Yet before we abandon our current strategy for pituitary adenoma classification using IHC in favor of methylation profiling, I think that two key lessons can be extracted from the methylation profiling experience in order to improve our IHC-based approach. Firstly, any attempt to establish a classification system requires the registration and comparison of large numbers of cases including all relevant classes of tumor. Methylation profiling could not have been successful without assembling large numbers of cases. As in methylation profiling efforts, cases need to be assembled into repositories that include all relevant tumor classes; this is the opposite of the current common practice of publishing limited, highly biased series designed to illustrate but not to test a classification or classification variable. Secondly, diagnostic features that are useful in classification must be chosen and applied uniformly throughout the registry. Indeed, authors of the WHO pituitary tumor classification seem to sense this, and recommend performing the "complete panel of stains" (presumably, all possible IHC that might relate to pituitary adenoma diagnosis) during the routine evaluation of pituitary adenomas (10). Nonetheless, data derived from the "complete panel of stains" are almost never provided in supporting literature, which tends to consist of reviews or biased collections of rare tumor types and upon individual classification variables, without documentation of other tests performed to corroborate the conclusions. Claims by WHO authors pertaining to IHC for alpha subunit and GATA3 are especially concerning in their lack of context and/or low numbers of published cases.

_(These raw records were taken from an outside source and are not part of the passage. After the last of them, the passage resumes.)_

(* Let $H$ be a distribution function on $\mathbb{R}$ with finite variance, let $n\ge1$, and let $x_{ki}$, $k=1,2,\ldots$, $i=1,\ldots,n$, be i.i.d. random variables with distribution $H$. For each $k$ put $\bar x_k=\frac1n\sum_{i=1}^n x_{ki}$ and $R_k=(x_{k1}-\bar x_k,\ldots,x_{kn}-\bar x_k)\in\mathbb{R}^n$. Then for any $N>1$, $$(N-1)\,\mathrm{var}\{E(\bar x_1\mid R_1+\cdots+R_{N-1})\}\ \ge\ N\,\mathrm{var}\{E(\bar x_1\mid R_1+\cdots+R_N)\},$$ where sums of the vectors $R_k$ are componentwise. *)

theory Defs
  imports "HOL-Probability.Probability"
begin

definition row_mean :: "(nat \<Rightarrow> 'n::finite \<Rightarrow> 'a \<Rightarrow> real) \<Rightarrow> nat \<Rightarrow> 'a \<Rightarrow> real" where
  "row_mean X k \<omega> = (\<Sum>i\<in>UNIV. X k i \<omega>) / real CARD('n)"

definition resid :: "(nat \<Rightarrow> 'n::finite \<Rightarrow> 'a \<Rightarrow> real) \<Rightarrow> nat \<Rightarrow> 'a \<Rightarrow> real ^ 'n" where
  "resid X k \<omega> = (\<chi> i. X k i \<omega> - row_mean X k \<omega>)"

text \<open>Componentwise sum R_1 + ... + R_N (rows indexed 0..N-1).\<close>
definition resid_sum :: "(nat \<Rightarrow> 'n::finite \<Rightarrow> 'a \<Rightarrow> real) \<Rightarrow> nat \<Rightarrow> 'a \<Rightarrow> real ^ 'n" where
  "resid_sum X N \<omega> = (\<Sum>k<N. resid X k \<omega>)"

definition resid_sigma :: "'a measure \<Rightarrow> (nat \<Rightarrow> 'n::finite \<Rightarrow> 'a \<Rightarrow> real) \<Rightarrow> nat \<Rightarrow> 'a measure" where
  "resid_sigma M X N = vimage_algebra (space M) (resid_sum X N) (borel :: (real ^ 'n) measure)"

end

theory Submission
  imports Defs
begin

text \<open>Write \<open>S\<^sub>N = R\<^sub>1 + \<dots> + R\<^sub>N\<close> and \<open>V\<^sub>N = E(xbar\<^sub>1 | S\<^sub>N) = \<phi>(S\<^sub>N)\<close> (Doob--Dynkin).
  Let \<open>Y = (A\<phi>)(S\<^sub>N\<^sub>-\<^sub>1)\<close>, where \<open>A\<phi>(u) = E \<phi>(u + R)\<close> averages over one more residual.
  As \<open>Y\<close> is a function of \<open>S\<^sub>N\<^sub>-\<^sub>1\<close> and \<open>(xbar\<^sub>1, S\<^sub>N\<^sub>-\<^sub>1)\<close> is independent of \<open>R\<^sub>N\<close>,
  \<open>E(Y V\<^sub>N\<^sub>-\<^sub>1) = E(Y xbar\<^sub>1) = E(xbar\<^sub>1 \<phi>(S\<^sub>N)) = E(V\<^sub>N\<^sup>2)\<close>, so \<open>cov(Y, V\<^sub>N\<^sub>-\<^sub>1) = var V\<^sub>N\<close>
  and Cauchy--Schwarz gives \<open>(var V\<^sub>N)\<^sup>2 \<le> var Y \<cdot> var V\<^sub>N\<^sub>-\<^sub>1\<close>. The residuals being i.i.d.,
  \<open>S\<^sub>N\<close> is a random walk, and the Efron--Stein inequality for the symmetric function
  \<open>\<phi>(S\<^sub>N)\<close> of its \<open>N\<close> increments yields \<open>N var Y \<le> (N - 1) var V\<^sub>N\<close>.\<close>

section \<open>Square-integrable random variables\<close>

lemma integrable_mult_of_square_integrable:
  fixes f g :: "'a \<Rightarrow> real"
  assumes [measurable]: "f \<in> borel_measurable M" "g \<in> borel_measurable M"
    and "integrable M (\<lambda>x. (f x)\<^sup>2)" "integrable M (\<lambda>x. (g x)\<^sup>2)"
  shows "integrable M (\<lambda>x. f x * g x)"
proof (rule Bochner_Integration.integrable_bound[of _ "\<lambda>x. (f x)\<^sup>2 + (g x)\<^sup>2"])
  show "integrable M (\<lambda>x. (f x)\<^sup>2 + (g x)\<^sup>2)" using assms by auto
  have "\<bar>a * b\<bar> \<le> a\<^sup>2 + b\<^sup>2" for a b :: real
    using sum_squares_bound[of "\<bar>a\<bar>" "\<bar>b\<bar>"] mult_nonneg_nonneg[OF abs_ge_zero abs_ge_zero, of a b]
    unfolding abs_mult power2_abs by linarith
  then show "AE x in M. norm (f x * g x) \<le> norm ((f x)\<^sup>2 + (g x)\<^sup>2)"
    by (simp del: abs_mult)
qed simp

One possible workflow to address the noted challenges, which incorporates these lessons from methylation profiling, is provided here as an illustration, using data from cases previously published. Case selection, recording of pre-operative data, tissue microarray (TMA) construction, IHC, and scoring were performed as previously described (11, 12). In addition to previously reported stains, we also performed IHC for GATA3 (HG3-31 (sc-268), Santa Cruz Biotech, 1:100 dilution) and IHC for estrogen receptors (alpha) (SP1, Thermo Scientific, 1:160 dilution). In brief, 157 pituitary adenomas from Allina Health (n = 136) and the University of Pennsylvania (n = 21) were incorporated into TMA’s and stained with the indicated IHC. IHC was scored in a blinded fashion using the Allred method (13), and adenoma class was assigned based upon median IHC scores, using clinical and serological data to confirm the classification. A simplified managerial class was assigned to facilitate analysis, but this class did not supervise the machine learning process.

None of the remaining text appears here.